Storage Backend Implementation
# backend/src/storage/s3_cached.py
import boto3
from pathlib import Path
from datetime import datetime, timedelta
import logging
logger = logging.getLogger(__name__)
class S3CachedStorage:
"""
S3-compatible storage with local caching.
Works with MinIO (dev/prod) or AWS S3 (cloud).
"""
def __init__(self):
self.s3 = boto3.client(
's3',
endpoint_url=os.getenv('S3_ENDPOINT', 'http://minio:9000'),
aws_access_key_id=os.getenv('S3_ACCESS_KEY', 'fuzzforge'),
aws_secret_access_key=os.getenv('S3_SECRET_KEY', 'fuzzforge123')
)
self.bucket = os.getenv('S3_BUCKET', 'targets')
self.cache_dir = Path(os.getenv('CACHE_DIR', '/cache'))
self.cache_max_size = self._parse_size(os.getenv('CACHE_MAX_SIZE', '10GB'))

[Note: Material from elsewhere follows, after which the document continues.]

(* Let $p \equiv 1 \pmod 4$ be a prime, let $\ell \neq p$ be a prime, and let $\alpha, \beta \colon \mathbf{F}_p^{\boxtimes} \to \mathbf{Z}/\ell$ be voltage assignments. Suppose the adjacency spectra of the covers $X^\alpha$ and $X^\beta$ coincide, i.e. $\{\theta^\alpha_{a,k}\}_{a \in \mathbf{F}_p,\, k \in \mathbf{Z}/\ell} = \{\theta^\beta_{a,k}\}_{a \in \mathbf{F}_p,\, k \in \mathbf{Z}/\ell}$ as multisets. Then there exists $n \in (\mathbf{Z}/\ell)^\times$ such that $X^\alpha$ and $X^{n\beta}$ are isomorphic as $\mathbf{Z}/\ell$-covering graphs. In particular, $X^\alpha$ and $X^\beta$ are isomorphic as graphs.
   Context: For a finite field $\mathbf{F}_q$ of characteristic $p$ with $q = p^r \equiv 1 \pmod 4$, let $\mathbf{F}_q^{\boxtimes} = \{x^2 : x \in \mathbf{F}_q^\times\}$ be the set of nonzero squares (it contains $-1$). The Paley graph $X(\mathbf{F}_q)$ has vertex set $\mathbf{F}_q$ with $x$ adjacent to $y$ iff $y - x \in \mathbf{F}_q^{\boxtimes}$. Fix a prime $\ell \neq p$. A voltage assignment is a function $\alpha \colon \mathbf{F}_q^{\boxtimes} \to \mathbf{Z}/\ell$ that is not identically zero and satisfies $\alpha(-s) = -\alpha(s)$ for all $s \in \mathbf{F}_q^{\boxtimes}$. The translation invariant $\mathbf{Z}/\ell$-cover $X^\alpha$ is the graph with vertex set $\mathbf{F}_q \times \mathbf{Z}/\ell$ and an edge between $(x,i)$ and $(y,j)$ iff $y - x \in \mathbf{F}_q^{\boxtimes}$ and $j - i = \alpha(y-x)$; equivalently it is the Cayley graph of $\mathbf{F}_q^+ \times \mathbf{Z}/\ell$ with respect to $S^\alpha = \{(s, \alpha(s)) : s \in \mathbf{F}_q^{\boxtimes}\}$. It comes with the projection $(x,i) \mapsto x$ to $X(\mathbf{F}_q)$ and the action of $\mathbf{Z}/\ell$ by $j \cdot (x,i) = (x, i+j)$. For $n \in (\mathbf{Z}/\ell)^\times$, $n\alpha$ denotes the voltage assignment $s \mapsto n\alpha(s)$. An isomorphism of $\mathbf{Z}/\ell$-covering graphs $X^\alpha \to X^\beta$ is a graph isomorphism $f$ with $f(x, i+j) = f(x,i) + (0,j)$ for all $x, i, j$ (so it induces a map on the base $X(\mathbf{F}_q)$ compatible with the projections). Let $\zeta_p = e^{2\pi i/p}$, $\zeta_\ell = e^{2\pi i/\ell}$, and $\mathrm{tr} \colon \mathbf{F}_q \to \mathbf{F}_p$, $\mathrm{tr}(x) = x + x^p + \dots + x^{p^{r-1}}$. For $a \in \mathbf{F}_q$ and $k \in \mathbf{Z}/\ell$ set $\theta^\alpha_{a,k} = \sum_{s \in \mathbf{F}_q^{\boxtimes}} \zeta_p^{\mathrm{tr}(as)} \zeta_\ell^{k\alpha(s)}$; the multiset $\{\theta^\alpha_{a,k}\}_{a \in \mathbf{F}_q, k \in \mathbf{Z}/\ell}$ is the multiset of eigenvalues of the adjacency matrix of $X^\alpha$. *)

theory Defs
  imports "HOL-Analysis.Analysis" "HOL-Library.Multiset"
begin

self.cache_ttl = self._parse_duration(os.getenv('CACHE_TTL', '7d'))
async def upload_target(self, file_path: Path, user_id: str) -> str:
"""Upload target to MinIO and return target ID"""
target_id = str(uuid4())
# Upload with metadata for lifecycle management
self.s3.upload_file(
str(file_path),
self.bucket,
f'{target_id}/target',
ExtraArgs={
'Metadata': {
'user_id': user_id,
'uploaded_at': datetime.now().isoformat(),
'filename': file_path.name
}
}
)
logger.info(f"Uploaded target {target_id} ({file_path.name})")
return target_id
async def get_target(self, target_id: str) -> Path:
"""
Get target from cache or download from MinIO.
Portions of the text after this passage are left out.